Am besten vereinbaren Eltern mit ihrem Kind, dass man die Angebote vor einer Anmeldung oder einem Download gemeinsam prüft. Die AGB und Datenschutzbestimmungen zeigen, auf welche Daten die App zugreift und wie sie diese nutzt. Snapchat etwa benötigt Zugriff auf Konten und Profildaten, Kontakte, Standort, Fotos, Kamera, Mikrofon und die Geräte-ID.

Bei Kindern bis 12 Jahren ist es ratsam, dass Eltern einstellen, dass Apps ab einer bestimmten Altersstufe aus dem Appstore gefiltert werden. Die App "Snapchat" ist laut eigenen AGB ab 13 und in den Appstores von iOS und Android ab 12 Jahren gekennzeichnet. Die Altersangaben in den Stores spiegeln jedoch nur bedingt Funktionen und Risiken wider.

Einstellungen nutzen

Eltern können mit ihrem Kind vereinbaren, dass es über vorhandene Einstellung seine Privatsphäre schützt. So kann man anwählen, dass andere einen nicht über die Handynummer finden können, dass nur "Mein Freunde" einem "Snaps" zusenden dürfen und auch nur diese eigene "Geschichten" sehen können. Zudem ist auf Geofilter zu verzichten, da Snapchat diese Snaps für öffentliche Geschichten nutzen kann. Am besten schaltet man generell die Standortbestimmung am Gerät aus und verzichtet auf die Nutzung der Snap-Map-Funktion.

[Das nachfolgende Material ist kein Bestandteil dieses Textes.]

lemma skmult_mono_elt: "skmult n (mono_elt a) (mono_elt b) = smul (skew_sign n a b) (mono_elt (\<lambda>i. a i + b i))"
proof (rule ext)
  fix c :: "nat \<Rightarrow> nat"
  show "skmult n (mono_elt a) (mono_elt b) c = smul (skew_sign n a b) (mono_elt (\<lambda>i. a i + b i)) c"
  proof (cases "(\<lambda>i. a i + b i) = c")
    case True
    then have S: "{(a', b'). mono_elt a a' \<noteq> 0 \<and> mono_elt b b' \<noteq> 0 \<and> (\<lambda>i. a' i + b' i) = c} = {(a,b)}"
      by (auto simp: mono_elt_apply)
    show ?thesis unfolding skmult_def S using True by (simp add: mono_elt_apply smul_apply)
  next
    case False
    then have S: "{(a', b'). mono_elt a a' \<noteq> 0 \<and> mono_elt b b' \<noteq> 0 \<and> (\<lambda>i. a' i + b' i) = c} = {}"
      by (auto simp: mono_elt_apply)
    show ?thesis unfolding skmult_def S using False by (auto simp: mono_elt_apply smul_apply)
  qed
qed

lemma mono_elt_carrierA: "a \<in> mons n \<Longrightarrow> mono_elt a \<in> carrierA n"
  unfolding carrierA_def by (auto simp: mono_elt_apply)
lemma zero_carrierA: "0 \<in> carrierA n"
  unfolding carrierA_def by auto
lemma add_carrierA: "x \<in> carrierA n \<Longrightarrow> y \<in> carrierA n \<Longrightarrow> x + y \<in> carrierA n"
  unfolding carrierA_def
proof (safe, goal_cases)
  case 1
  have "{a. (x + y) a \<noteq> 0} \<subseteq> {a. x a \<noteq> 0} \<union> {a. y a \<noteq> 0}" by auto
  then show ?case using 1 finite_subset by blast
next
  case (2 a) then show ?case by (metis add.right_neutral plus_fun_apply)
qed
lemma smul_carrierA: "x \<in> carrierA n \<Longrightarrow> smul c x \<in> carrierA n"
  unfolding carrierA_def
proof (safe, goal_cases)
  case 1
  have "{a. smul c x a \<noteq> 0} \<subseteq> {a. x a \<noteq> 0}" by (auto simp: smul_apply)
  then show ?case using 1 finite_subset by blast
next
  case (2 a) then show ?case by (auto simp: smul_apply)
qed
lemma sum_carrierA: "(\<And>i. i \<in> I \<Longrightarrow> g i \<in> carrierA n) \<Longrightarrow> (\<Sum>i\<in>I. g i) \<in> carrierA n"
  by (induction I rule: infinite_finite_induct) (auto intro: add_carrierA zero_carrierA)

lemma unit_exp_mons: "i < n \<Longrightarrow> unit_exp i \<in> mons n" unfolding unit_exp_def mons_def by auto
lemma gen_carrierA: "i < n \<Longrightarrow> gen i \<in> carrierA n" by (simp add: gen_eq_mono_elt mono_elt_carrierA unit_exp_mons)

lemma unit_exp_eq_iff: "unit_exp i = unit_exp j \<longleftrightarrow> i = j"
  unfolding unit_exp_def by (metis one_neq_zero)

lemma carrierA_finite_support: "x \<in> carrierA n \<Longrightarrow> finite {a. x a \<noteq> 0}"
  unfolding carrierA_def by auto
lemma carrierA_support_mons: "x \<in> carrierA n \<Longrightarrow> x a \<noteq> 0 \<Longrightarrow> a \<in> mons n"
  unfolding carrierA_def by auto

lemma skmult_eq_sum_product:
  assumes "finite A" "finite B" "{a. f a \<noteq> 0} \<subseteq> A" "{b. g b \<noteq> 0} \<subseteq> B"
  shows "skmult n f g c = (\<Sum>(a,b)\<in>A \<times> B. if (\<lambda>i. a i + b i) = c then skew_sign n a b * f a * g b else 0)"
  unfolding skmult_def
proof (rule sym, rule sum.mono_neutral_cong_right)
  show "finite (A \<times> B)" using assms by auto
  show "{(a, b). f a \<noteq> 0 \<and> g b \<noteq> 0 \<and> (\<lambda>i. a i + b i) = c} \<subseteq> A \<times> B" using assms by auto
qed (auto split: if_splits)

lemma skmult_add_left:
  assumes "x \<in> carrierA n" "y \<in> carrierA n" "z \<in> carrierA n"
  shows "skmult n (x + y) z = skmult n x z + skmult n y z"
proof (rule ext)
  fix c
  let ?A = "{a. x a \<noteq> 0} \<union> {a. y a \<noteq> 0}" and ?B = "{b. z b \<noteq> 0}"
  have fA: "finite ?A" and fB: "finite ?B" using assms carrierA_finite_support by auto
  have 1: "skmult n (x + y) z c = (\<Sum>(a,b)\<in>?A \<times> ?B. if (\<lambda>i. a i + b i) = c then skew_sign n a b * (x+y) a * z b else 0)"
    by (rule skmult_eq_sum_product[OF fA fB]) (auto simp: smul_apply)
  have 2: "skmult n x z c = (\<Sum>(a,b)\<in>?A \<times> ?B. if (\<lambda>i. a i + b i) = c then skew_sign n a b * x a * z b else 0)"
    by (rule skmult_eq_sum_product[OF fA fB]) (auto simp: smul_apply)
  have 3: "skmult n y z c = (\<Sum>(a,b)\<in>?A \<times> ?B. if (\<lambda>i. a i + b i) = c then skew_sign n a b * y a * z b else 0)"
    by (rule skmult_eq_sum_product[OF fA fB]) (auto simp: smul_apply)
  show "skmult n (x + y) z c = (skmult n x z + skmult n y z) c"
    unfolding plus_fun_apply 1 2 3 sum.distrib[symmetric]
    by (rule sum.cong) (auto simp: algebra_simps)
qed

lemma skmult_add_right:
  assumes "x \<in> carrierA n" "y \<in> carrierA n" "z \<in> carrierA n"
  shows "skmult n z (x + y) = skmult n z x + skmult n z y"
proof (rule ext)
  fix c
  let ?B = "{a. x a \<noteq> 0} \<union> {a. y a \<noteq> 0}" and ?A = "{b. z b \<noteq> 0}"
  have fA: "finite ?A" and fB: "finite ?B" using assms carrierA_finite_support by auto
  have 1: "skmult n z (x + y) c = (\<Sum>(a,b)\<in>?A \<times> ?B. if (\<lambda>i. a i + b i) = c then skew_sign n a b * z a * (x+y) b else 0)"
    by (rule skmult_eq_sum_product[OF fA fB]) (auto simp: smul_apply)
  have 2: "skmult n z x c = (\<Sum>(a,b)\<in>?A \<times> ?B. if (\<lambda>i. a i + b i) = c then skew_sign n a b * z a * x b else 0)"
    by (rule skmult_eq_sum_product[OF fA fB]) (auto simp: smul_apply)
  have 3: "skmult n z y c = (\<Sum>(a,b)\<in>?A \<times> ?B. if (\<lambda>i. a i + b i) = c then skew_sign n a b * z a * y b else 0)"
    by (rule skmult_eq_sum_product[OF fA fB]) (auto simp: smul_apply)
  show "skmult n z (x + y) c = (skmult n z x + skmult n z y) c"
    unfolding plus_fun_apply 1 2 3 sum.distrib[symmetric]
    by (rule sum.cong) (auto simp: algebra_simps)
qed

lemma skmult_smul_left:
  assumes "x \<in> carrierA n" "z \<in> carrierA n"
  shows "skmult n (smul k x) z = smul k (skmult n x z)"
proof (rule ext)
  fix c
  let ?A = "{a. x a \<noteq> 0}" and ?B = "{b. z b \<noteq> 0}"
  have fA: "finite ?A" and fB: "finite ?B" using assms carrierA_finite_support by auto
  have 1: "skmult n (smul k x) z c = (\<Sum>(a,b)\<in>?A \<times> ?B. if (\<lambda>i. a i + b i) = c then skew_sign n a b * (smul k x) a * z b else 0)"
    by (rule skmult_eq_sum_product[OF fA fB]) (auto simp: smul_apply)
  have 2: "skmult n x z c = (\<Sum>(a,b)\<in>?A \<times> ?B. if (\<lambda>i. a i + b i) = c then skew_sign n a b * x a * z b else 0)"
    by (rule skmult_eq_sum_product[OF fA fB]) (auto simp: smul_apply)
  show "skmult n (smul k x) z c = smul k (skmult n x z) c"
    unfolding smul_apply 1 2 sum_distrib_left
    by (rule sum.cong) (auto simp: algebra_simps)
qed

lemma skmult_smul_right:
  assumes "x \<in> carrierA n" "z \<in> carrierA n"
  shows "skmult n z (smul k x) = smul k (skmult n z x)"
proof (rule ext)
  fix c
  let ?B = "{a. x a \<noteq> 0}" and ?A = "{b. z b \<noteq> 0}"
  have fA: "finite ?A" and fB: "finite ?B" using assms carrierA_finite_support by auto
  have 1: "skmult n z (smul k x) c = (\<Sum>(a,b)\<in>?A \<times> ?B. if (\<lambda>i. a i + b i) = c then skew_sign n a b * z a * (smul k x) b else 0)"
    by (rule skmult_eq_sum_product[OF fA fB]) (auto simp: smul_apply)
  have 2: "skmult n z x c = (\<Sum>(a,b)\<in>?A \<times> ?B. if (\<lambda>i. a i + b i) = c then skew_sign n a b * z a * x b else 0)"
    by (rule skmult_eq_sum_product[OF fA fB]) (auto simp: smul_apply)
  show "skmult n z (smul k x) c = smul k (skmult n z x) c"
    unfolding smul_apply 1 2 sum_distrib_left
    by (rule sum.cong) (auto simp: algebra_simps)
qed

lemma skmult_zero_left: "skmult n 0 z = 0"
  unfolding skmult_def by (rule ext) simp
lemma skmult_zero_right: "skmult n z 0 = 0"
  unfolding skmult_def by (rule ext) simp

Mit der "Memories"- Funktion kann man unter "My Eyes Only" Aufnahmen mit einem Passwort sichern. Dies ist unbedingt zu empfehlen, um Bilder vor neugierigen Blicken zu schützen. Zudem werden über "In-App-Käufe" Zusatzkosten für bestimmte Filter oder das Wiederanschauen von Snaps ("Replay") fällig. Auch hier stellt man "In-App-Käufe" am besten direkt am Gerät aus.

Denken vorm Posten

Generell gilt es genau zu überlegen, wem man welche Inhalte zusendet, Auch wenn versendete "Snaps" nach maximal 10 Sekunden und "Stories" nach 24 Stunden verschwinden, können Empfänger können leicht Screenshots machen, auf ihr Gerät laden, veröffentlichen und missbräuchlich verwenden. So ist auf Aufnahmen zu verzichten, die einem hinterher unangenehm sein oder sogar schaden könnten. Zudem sollte man sich nicht unter Druck gesetzt fühlen, möglichst aufregende oder auch freizügige Bilder zu veröffentlichen, nur um viele Likes zu bekommen.

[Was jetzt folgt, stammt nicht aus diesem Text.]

lemma measurable_shift_X: "(\<lambda>\<omega>. shift c (X \<omega>)) \<in> measurable M (cyl_space H)"
proof -
  have "X \<in> measurable M (Pi\<^sub>M UNIV (\<lambda>_. borel))"
    using measurable_X unfolding cyl_space_def measurable_restrict_space2_iff by blast
  then have "(\<lambda>\<omega>. X \<omega> y) \<in> borel_measurable M" for y
    by measurable
  then have "(\<lambda>\<omega> x. X \<omega> (x + c)) \<in> measurable M (Pi\<^sub>M UNIV (\<lambda>_. borel))"
    by (intro measurable_PiM_single') auto
  then show ?thesis
    using shift_X_in_H unfolding cyl_space_def measurable_restrict_space2_iff shift_def
    by auto
qed

lemma emeasure_shift_X:
  assumes "B \<in> sets (cyl_space H)"
  shows "emeasure M {\<omega>\<in>space M. shift c (X \<omega>) \<in> B} = emeasure M {\<omega>\<in>space M. X \<omega> \<in> B}"
proof -
  have "distr M (cyl_space H) (\<lambda>\<omega>. shift c (X \<omega>)) = distr M (cyl_space H) X"
    using process by (simp add: periodic_stationary_process_def)
  then have "emeasure (distr M (cyl_space H) (\<lambda>\<omega>. shift c (X \<omega>))) B
      = emeasure (distr M (cyl_space H) X) B"
    by simp
  then show ?thesis
    using assms measurable_shift_X measurable_X
    by (simp add: emeasure_distr vimage_def Int_def conj_commute)
qed

definition bin_event :: "nat \<Rightarrow> nat \<Rightarrow> 'w set" where
  "bin_event n k = {\<omega>\<in>space M. bin_index n (period_location L (X \<omega>)) = int k}"
lemma card_two_pencil_packing:
  assumes "0 < q"
  shows "card (two_pencil_packing q m) = 2 * m"
proof -
  have "inj_on (row_block q) {..<m}"
  proof (rule inj_onI)
    fix i i' assume "row_block q i = row_block q i'"
    then show "i = i'"
      using grid_point_in_row_block_iff[OF assms, of i i]
        grid_point_in_row_block_iff[OF assms, of i i']
      by simp
  qed
  moreover have "inj_on (diagonal_block q m) {..<m}"
  proof (rule inj_onI)
    fix j j' assume "j \<in> {..<m}" "j' \<in> {..<m}" "diagonal_block q m j = diagonal_block q m j'"
    then show "j = j'"
      using grid_point_in_diagonal_block_iff[OF assms, of j m j]
        grid_point_in_diagonal_block_iff[OF assms, of j m j']
      by simp
  qed
  moreover have "row_block q ` {..<m} \<inter> diagonal_block q m ` {..<m} = {}"
    using zero_in_row_block zero_notin_diagonal_block by blast
  ultimately show ?thesis
    unfolding two_pencil_packing_def by (simp add: card_Un_disjoint card_image)
qed

lemma max_ppc_size_two_pencil_packing:
  assumes "0 < q" "q < m"
  shows "max_ppc_size (two_pencil_packing q m) 2"
  unfolding max_ppc_size_def
proof
  have "row_block q 0 \<inter> diagonal_block q m 1 = {}"
  proof -
    have "(1 + t) mod m \<noteq> 0" if "t < q" for t
      using that assms by simp
    then show ?thesis
      using one_notin_row_block zero_notin_diagonal_block
      by (fastforce simp: row_block_def grid_point_in_diagonal_block_iff)
  qed
  moreover have "row_block q 0 \<noteq> diagonal_block q m 1"
    using zero_in_row_block zero_notin_diagonal_block by metis
  ultimately have "is_ppc (two_pencil_packing q m) {row_block q 0, diagonal_block q m 1}"
    using assms by (auto simp: is_ppc_def two_pencil_packing_def pairwise_def disjnt_def)
  then show "\<exists>P. is_ppc (two_pencil_packing q m) P \<and> card P = 2"
    using \<open>row_block q 0 \<noteq> diagonal_block q m 1\<close>
    by (intro exI[of _ "{row_block q 0, diagonal_block q m 1}"]) simp
next
  have "card P \<le> 2" if "is_ppc (two_pencil_packing q m) P" for P
    using card_ppc_le_card_transversal[OF that, of "{0, 1}"]
      zero_in_row_block one_in_diagonal_block
    by (force simp: two_pencil_packing_def)
  then show "\<nexists>P. is_ppc (two_pencil_packing q m) P \<and> card P = 2 + 1"
    by fastforce
qed
text \<open>A word scanned to \<open>Block a b\<close> is a word not ending in \<open>0\<close> followed by 0^a 1^b.\<close>

lemma num_reaching_Block:
  assumes "q \<ge> 1" "admissible q (Block a b)"
  shows "num_reaching q n (\<lambda>s. s = Block a b) =
    (if a + b \<le> n then num_not_ending_in_zero q (n - (a + b)) else 0)"
  using assms(2)
proof (induction n arbitrary: a b)
  case 0
  then show ?case by (simp add: num_reaching_0)
next
  case (Suc n)
  show ?case
  proof (cases b)
    case (Suc b')
    have "(\<exists>t. scan_step q s 1 = Some t \<and> t = Block a b) \<longleftrightarrow> s = Block a b'" for s
      using Suc.prems Suc by (cases s) auto
    moreover have no_zero: "\<not> (\<exists>t. scan_step q s 0 = Some t \<and> t = Block a b)" for s
      using Suc by (cases s) auto
    ultimately show ?thesis
      using Suc.IH[of a b'] Suc.prems Suc num_reaching_eq_0[OF no_zero] by (simp add: num_reaching_Suc)
  next
    case 0
    then obtain a' where a: "a = Suc a'" using Suc.prems by (cases a) auto
    have no_one: "\<not> (\<exists>t. scan_step q s 1 = Some t \<and> t = Block a b)" for s
      using 0 by (cases s) (auto split: if_splits)
    show ?thesis
    proof (cases "a' = 0")
      case True
      have "(\<exists>t. scan_step q s 0 = Some t \<and> t = Block a b) \<longleftrightarrow> \<not> ends_in_zero s"
        if "admissible q s" for s
        using that True a 0 by (cases s) auto
      then have "num_reaching q n (\<lambda>s. \<exists>t. scan_step q s 0 = Some t \<and> t = Block a b) =
          num_not_ending_in_zero q n"
        unfolding num_not_ending_in_zero_def by (rule num_reaching_cong[OF assms(1)])
      then show ?thesis
        using num_reaching_eq_0[OF no_one] True a 0 by (simp add: num_reaching_Suc)
    next
      case False
      have "(\<exists>t. scan_step q s 0 = Some t \<and> t = Block a b) \<longleftrightarrow> s = Block a' 0" for s
        using False a 0 by (cases s) auto
      then show ?thesis
        using Suc.IH[of a' 0] num_reaching_eq_0[OF no_one] False a 0 assms(1)
        by (simp add: num_reaching_Suc)
    qed
  qed
qed

lemma num_reaching_Block_Suc:
  assumes "q \<ge> 1" "admissible q (Block a b)"
  shows "num_reaching q n (\<lambda>s. s = Block (Suc a) (b + q)) =
    (if q + 1 \<le> n then num_reaching q (n - (q + 1)) (\<lambda>s. s = Block a b) else 0)"
proof -
  have "admissible q (Block (Suc a) (b + q))" using assms(2) by simp
  then have shifted: "num_reaching q n (\<lambda>s. s = Block (Suc a) (b + q)) =
      (if Suc a + (b + q) \<le> n then num_not_ending_in_zero q (n - (Suc a + (b + q))) else 0)"
    using num_reaching_Block assms(1) by blast
  show ?thesis
  proof (cases "q + 1 \<le> n")
    case True
    then have "Suc a + (b + q) \<le> n \<longleftrightarrow> a + b \<le> n - (q + 1)"
      and "n - (Suc a + (b + q)) = n - (q + 1) - (a + b)"
      by auto
    then show ?thesis using shifted num_reaching_Block[OF assms] True by simp
  qed (use shifted in simp)
qed

lemma num_saturated_eq_sum:
  assumes "q \<ge> 1" "n \<le> m"
  shows "num_saturated q n = (\<Sum>a<m. num_reaching q n (\<lambda>s. s = Block (Suc a) (q * Suc a - 1)))"
proof -
  let ?block = "\<lambda>a. Block (Suc a) (q * Suc a - 1)"
  have "saturated q s \<longleftrightarrow> s \<in> ?block ` {..<m}"
    if "admissible q s" "length (block_word s) \<le> n" for s
  proof (cases s)
    case (Block a b)
    then show ?thesis
      using that assms by (cases a) (auto simp: image_iff)
  qed auto
  then have "num_saturated q n = (\<Sum>s\<in>?block ` {..<m}. num_reaching q n (\<lambda>t. t = s))"
    unfolding num_saturated_def by (intro num_reaching_sum[OF assms(1)]) auto
  moreover have "inj ?block" by (simp add: inj_def)
  ultimately show ?thesis by (simp add: sum.reindex inj_on_subset)
qed

lemma num_saturated_rec:
  assumes "q \<ge> 1"
  shows "num_saturated q n =
    (if q \<le> n then num_not_ending_in_zero q (n - q) else 0) +
    (if q + 1 \<le> n then num_saturated q (n - (q + 1)) else 0)"
proof -
  let ?R = "\<lambda>n a. num_reaching q n (\<lambda>s. s = Block (Suc a) (q * Suc a - 1))"
  have shift: "?R n (Suc a) = (if q + 1 \<le> n then ?R (n - (q + 1)) a else 0)" for a
  proof -
    have "q * Suc (Suc a) - 1 = (q * Suc a - 1) + q" using assms by simp
    then show ?thesis
      using num_reaching_Block_Suc[OF assms, of "Suc a" "q * Suc a - 1" n] assms by simp
  qed
  have "num_saturated q n = (\<Sum>a<Suc n. ?R n a)"
    using num_saturated_eq_sum[OF assms, of n "Suc n"] by simp
  also have "\<dots> = ?R n 0 + (\<Sum>a<n. ?R n (Suc a))"
    by (rule sum.lessThan_Suc_shift)
  also have "?R n 0 = (if q \<le> n then num_not_ending_in_zero q (n - q) else 0)"
    using num_reaching_Block[OF assms, of 1 "q - 1" n] assms by simp
  also have "(\<Sum>a<n. ?R n (Suc a)) = (if q + 1 \<le> n then num_saturated q (n - (q + 1)) else 0)"
    using shift num_saturated_eq_sum[OF assms, of "n - (q + 1)" n] by simp
  finally show ?thesis .
qed

section \<open>Generating functions\<close>

lemma generating_function_identity:
  fixes A H x :: "'a::comm_ring_1"
  assumes "A = 1 + x * (2 * A - H)" "H * (1 - x ^ (q + 1)) = x ^ q * (1 - x) * A"
  shows "A * (1 - 2 * x + x ^ (q + 2)) = 1 - x ^ (q + 1)"
proof -
  have substituted: "x * (H * (1 - x ^ (q + 1))) = x ^ (q + 1) * (1 - x) * A"
    unfolding assms(2) by (simp add: ac_simps)
  have "A * (1 - x ^ (q + 1)) = (1 + x * (2 * A - H)) * (1 - x ^ (q + 1))"
    using assms(1) by simp
  also have "\<dots> = (1 - x ^ (q + 1)) + 2 * x * A * (1 - x ^ (q + 1)) - x * (H * (1 - x ^ (q + 1)))"
    by (simp add: algebra_simps)
  finally have "A * (1 - x ^ (q + 1)) - 2 * x * A * (1 - x ^ (q + 1)) + x ^ (q + 1) * (1 - x) * A =
      1 - x ^ (q + 1)"
    unfolding substituted by (simp add: algebra_simps)
  then show ?thesis by (simp add: algebra_simps)
qed

unbundle fps_syntax

definition counting_fps :: "(nat \<Rightarrow> nat) \<Rightarrow> 'a::comm_ring_1 fps" where
  "counting_fps f = Abs_fps (\<lambda>n. of_nat (f n))"

lemma counting_fps_num_accepted:
  "(counting_fps (num_accepted q) :: 'a::comm_ring_1 fps) =
    1 + fps_X * (2 * counting_fps (num_accepted q) - counting_fps (num_saturated q))"
  (is "?A = ?R")
proof (rule fps_ext)
  fix n
  show "?A $ n = ?R $ n"
  proof (cases n)
    case (Suc m)
    have "of_nat (num_accepted q (Suc m)) =
        (2 * of_nat (num_accepted q m) - of_nat (num_saturated q m) :: 'a)"
      using arg_cong[OF num_accepted_Suc[of q m], of of_nat] by (simp add: algebra_simps)
    then show ?thesis
      using Suc by (simp add: counting_fps_def numeral_fps_const)
  qed (simp add: counting_fps_def num_accepted_0)
qed

lemma counting_fps_num_not_ending_in_zero:
  "counting_fps (num_not_ending_in_zero q) = (1 - fps_X) * counting_fps (num_accepted q)"
proof (rule fps_ext)
  fix n
  show "counting_fps (num_not_ending_in_zero q) $ n = ((1 - fps_X) * counting_fps (num_accepted q)) $ n"
    by (cases n) (simp_all add: counting_fps_def algebra_simps num_accepted_Suc_eq_num_not_ending_in_zero
        num_not_ending_in_zero_0 num_accepted_0)
qed

lemma counting_fps_num_saturated:
  assumes "q \<ge> 1"
  shows "counting_fps (num_saturated q) * (1 - fps_X ^ (q + 1)) =
    fps_X ^ q * counting_fps (num_not_ending_in_zero q)"
  (is "?H * _ = fps_X ^ q * ?E")
proof -
  have rec: "?H = fps_X ^ q * ?E + fps_X ^ (q + 1) * ?H"
  proof (rule fps_ext)
    fix n
    show "?H $ n = (fps_X ^ q * ?E + fps_X ^ (q + 1) * ?H) $ n"
      using num_saturated_rec[OF assms, of n]
      by (simp only: fps_add_nth fps_X_power_mult_nth) (simp add: counting_fps_def)
  qed
  have "?H * (1 - fps_X ^ (q + 1)) = ?H - fps_X ^ (q + 1) * ?H"
    by (simp add: algebra_simps)
  also have "\<dots> = fps_X ^ q * ?E"
    using rec by (metis add_diff_cancel_right')
  finally show ?thesis .
qed

theorem corollary2:
  fixes q :: nat
  assumes "q \<ge> 1"
  shows "(Abs_fps (\<lambda>n. of_nat (num_q_decreasing q n)) :: rat fps)
           = (1 - fps_X ^ (q + 1)) / (1 - 2 * fps_X + fps_X ^ (q + 2))"
proof -
  let ?A = "counting_fps (num_accepted q) :: rat fps"
  have lhs: "Abs_fps (\<lambda>n. of_nat (num_q_decreasing q n)) = ?A"
    by (simp add: counting_fps_def num_q_decreasing_eq_num_accepted[OF assms])
  have "?A * (1 - 2 * fps_X + fps_X ^ (q + 2)) = 1 - fps_X ^ (q + 1)"
    using counting_fps_num_accepted counting_fps_num_saturated[OF assms]
    by (intro generating_function_identity) (simp_all add: counting_fps_num_not_ending_in_zero mult.assoc)
  moreover have "(1 - 2 * fps_X + fps_X ^ (q + 2) :: rat fps) \<noteq> 0"
  proof -
    have "(1 - 2 * fps_X + fps_X ^ (q + 2) :: rat fps) $ 0 \<noteq> 0" by simp
    then show ?thesis by (metis fps_zero_nth)
  qed
  ultimately show ?thesis
    unfolding lhs by (metis fps_divide_times_eq)
qed

end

Nutzer blockieren und melden

Über Snapchat kann man nicht nur Selfies, sondern auch erotische Inhalte austauschen, was als "Sexting" bekannt ist. Werden Kinder damit konfrontiert, ist der Absender zu blockieren, indem man auf den Nutzernamen klickt und "Kontakt blockieren" wählt.

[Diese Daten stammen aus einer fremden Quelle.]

definition EYm :: "nat \<Rightarrow> complex \<Rightarrow> complex \<Rightarrow> complex \<Rightarrow> nat \<Rightarrow> nat \<Rightarrow> complex" where
  "EYm d a b c r s = (if r = s then Eth d b r else if s = r + 1 then Eph d a b c s else 0)"

definition matact :: "nat \<Rightarrow> (nat \<Rightarrow> nat \<Rightarrow> complex) \<Rightarrow> (nat \<Rightarrow> complex) \<Rightarrow> (nat \<Rightarrow> complex)" where
  "matact d M v = (\<lambda>r. if r \<le> d then (\<Sum>s\<le>d. M r s * v s) else 0)"

text \<open>C^{d+1} as coordinate vectors indexed by 0..d.\<close>
definition Ecar :: "nat \<Rightarrow> (nat \<Rightarrow> complex) set" where
  "Ecar d = {v. \<forall>r>d. v r = 0}"

definition Eact :: "nat \<Rightarrow> complex \<Rightarrow> complex \<Rightarrow> complex \<Rightarrow> BIgen \<Rightarrow> (nat \<Rightarrow> complex) \<Rightarrow> (nat \<Rightarrow> complex)" where
  "Eact d a b c g = (case g of
      GX \<Rightarrow> matact d (EXm d a)
    | GY \<Rightarrow> matact d (EYm d a b c)
    | GZ \<Rightarrow> (\<lambda>v r. matact d (EXm d a) (matact d (EYm d a b c) v) r
                  + matact d (EYm d a b c) (matact d (EXm d a) v) r
                  - (c ^ 2 - a ^ 2 - b ^ 2 + (of_nat d + 1) ^ 2 / 4) * v r))"

definition dsum_car :: "('a \<Rightarrow> complex) set \<Rightarrow> ('b \<Rightarrow> complex) set \<Rightarrow> ('a + 'b \<Rightarrow> complex) set" where
  "dsum_car V U = {f. (\<lambda>a. f (Inl a)) \<in> V \<and> (\<lambda>b. f (Inr b)) \<in> U}"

Zudem kann man über "Support" und "Safety und Abuse" Spam ("Report Spam") oder Belästigungen ("Report a Safety or Abuse Issue") melden. Strafrechtlich relevante Inhalte wie Hetze oder illegale Pornografie ist unbedingt den Eltern zu zeigen und per Screenshot Meldestellen wie jugendschutz.net zu melden. Auf keinen Fall sollte man unpassende Bilder an andere weiterleiten.

Weitere Informationen bieten "Klicksafe", "Handysektor", saferinternet.at, der Support-Bereich von Snapchat und das E-Book "Snap me if you can".